On the basis of the study of the physical properties, swelling properties, magnetic stability, and regeneration of MRCM, the isothermal adsorption model, thermodynamics, and kinetics of methyl orange onto MRCM were investigated in this paper. According to the physicochemical properties of MRCM, MRCM is a type of porous, black spherical, water-absorbent, and swelling resin and has exchange capacity of weak base. When applied to solutions with pH greater than 2.0, the magnetic particles in MRCM are stable. Moreover, MRCM has the ability to be reused at least five times. The batch adsorption studies showed that the adsorption capacities increase with the contact time, temperature, and the initial concentration of methyl orange. However, it changes slightly in the solution with different pH, from 3 to 9. The Langmuir isotherm adsorption model better describes the adsorption mechanism MRCM adsorption of methyl orange. The results of adsorption thermodynamics showed that the adsorption was thermodynamically endothermic and spontaneous. In addition, the results of adsorption kinetics revealed that the adsorption was controlled by liquid–film diffusion dynamics, following the pseudo-second-order kinetic model.

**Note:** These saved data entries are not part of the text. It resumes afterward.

(* Let $N\ge1$, $\mathbf{S}=(\mathsf{SNR}_{s,r},\mathsf{SNR}_{s,1},\dots,\mathsf{SNR}_{s,N},\mathsf{SNR}_{r,1},\dots,\mathsf{SNR}_{r,N})\in[0,\infty)^{2N+1}$, $\rho\in[0,1]$, $\mathsf{C}(x)=\tfrac12\log(1+x)$, and for $j=1,\dots,N$ $$f_j(\rho,\mathbf{S})=\mathsf{SNR}_{s,j}+\mathsf{SNR}_{r,j}+2\rho\sqrt{\mathsf{SNR}_{s,j}\mathsf{SNR}_{r,j}},\qquad g^*_j(\rho,\mathbf{S})=(1-\rho^2)\,\mathsf{SNR}_{s,r},$$ $$R_{DF}(\rho,\mathbf{S})=\min_{1\le j\le N}\min\big(\mathsf{C}(f_j(\rho,\mathbf{S})),\mathsf{C}(g^*_j(\rho,\mathbf{S}))\big).$$ Then $R_{DF}(\rho,\mathbf{S})$ is concave in $\rho\in[0,1]$ for fixed $\mathbf{S}$, concave in $\mathbf{S}\in[0,\infty)^{2N+1}$ for fixed $\rho$, and the map $(t,\mathbf{S})\mapsto R_{DF}(\sqrt t,\mathbf{S})$ is quasi-concave on $[0,1]\times[0,\infty)^{2N+1}$ (i.e., quasi-concave in $(\rho^2,\mathbf{S})$).
   Context: $R_{DF}$ is the decode-forward rate expression for a real AWGN multicast relay channel with source $s$, relay $r$, destinations $1,\dots,N$, link SNRs $\mathsf{SNR}_{u,v}\ge0$ and source–relay input correlation coefficient $\rho$. A function $F$ on a convex set is quasi-concave if $F(\lambda x_1+(1-\lambda)x_2)\ge\min(F(x_1),F(x_2))$ for all $x_1,x_2$ and $\lambda\in[0,1]$. *)

theory Defs
  imports "HOL-Analysis.Analysis"
begin

definition Cap :: "real \<Rightarrow> real" where
  "Cap x = 1/2 * ln (1 + x)"

text \<open>A channel-SNR vector S = (SNR_sr, SNR_s1..SNR_sN, SNR_r1..SNR_rN) is represented by
  sr :: real, s :: nat \<Rightarrow> real, r :: nat \<Rightarrow> real, only indices 1..N being relevant.\<close>
definition f_j :: "nat \<Rightarrow> real \<Rightarrow> (nat \<Rightarrow> real) \<Rightarrow> (nat \<Rightarrow> real) \<Rightarrow> real" where
  "f_j j \<rho> s r = s j + r j + 2 * \<rho> * sqrt (s j * r j)"

definition g_star :: "real \<Rightarrow> real \<Rightarrow> real" where
  "g_star \<rho> sr = (1 - \<rho>\<^sup>2) * sr"

definition R_DF :: "nat \<Rightarrow> real \<Rightarrow> real \<Rightarrow> (nat \<Rightarrow> real) \<Rightarrow> (nat \<Rightarrow> real) \<Rightarrow> real" where
  "R_DF N \<rho> sr s r = Min ((\<lambda>j. min (Cap (f_j j \<rho> s r)) (Cap (g_star \<rho> sr))) ` {1..N})"

definition S_dom :: "nat \<Rightarrow> real \<Rightarrow> (nat \<Rightarrow> real) \<Rightarrow> (nat \<Rightarrow> real) \<Rightarrow> bool" where
  "S_dom N sr s r \<longleftrightarrow> sr \<ge> 0 \<and> (\<forall>j\<in>{1..N}. s j \<ge> 0 \<and> r j \<ge> 0)"

end

theory Submission
  imports Defs
begin

text \<open>A minimum over finitely many links of (quasi-)concave functions is (quasi-)concave, and
  \<open>C\<close> is concave and increasing, so it suffices to study \<open>f_j\<close> and \<open>g\<^sup>*_j\<close>. In \<open>\<rho>\<close>, \<open>f_j\<close> is affine
  and \<open>g\<^sup>*_j\<close> concave; in \<open>S\<close>, \<open>g\<^sup>*_j\<close> is linear and \<open>f_j\<close> concave because the geometric mean
  \<open>\<surd>(s r)\<close> is. In \<open>(t, S)\<close> with \<open>t = \<rho>\<^sup>2\<close>, \<open>g\<^sup>*_j = (1 - t) SNR_sr\<close> is a product of two
  nonnegative affine functions, hence quasi-concave, while \<open>f_j = s + r + 2\<surd>(t s r)\<close> is
  homogeneous in \<open>(s, r)\<close>, which reduces its quasi-concavity to points on a common level set
  \<open>f_j = c\<close>. Writing \<open>w = c - s - r \<ge> 0\<close>, the condition \<open>f_j \<ge> c\<close> reads
  \<open>4 c t \<ge> (w + s + r) w\<^sup>2 / (s r) = w\<^sup>2/s + w\<^sup>2/r + w\<^sup>3/(s r)\<close>, a convex function of \<open>(w, s, r)\<close>,
  which is checked against its supporting planes.\<close>

lemma Cap_mono: "0 \<le> x \<Longrightarrow> x \<le> y \<Longrightarrow> Cap x \<le> Cap y"
  unfolding Cap_def by simp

Thus, it is concluded that MRCM is suitable for the removal of methyl orange dyes from water in terms of its physical and chemical properties and adsorption thermodynamics. In addition, it is hopeful to develop MRCM as a type of sorbent for removing cationic dyes similar to methyl orange from water because MRCM is an environment-friendly sorbent and can be regenerated and reused. In a word, this study is beneficial for promoting further research for toxic dyestuffs pollution control. In future research, magnetic chitosan microspheres with different functional groups grafted on MRCM will be developed, and it is expected to extend its application to adsorption of heavy metals, anion/cation dyes, active substances, immobilized enzymes, and other fields.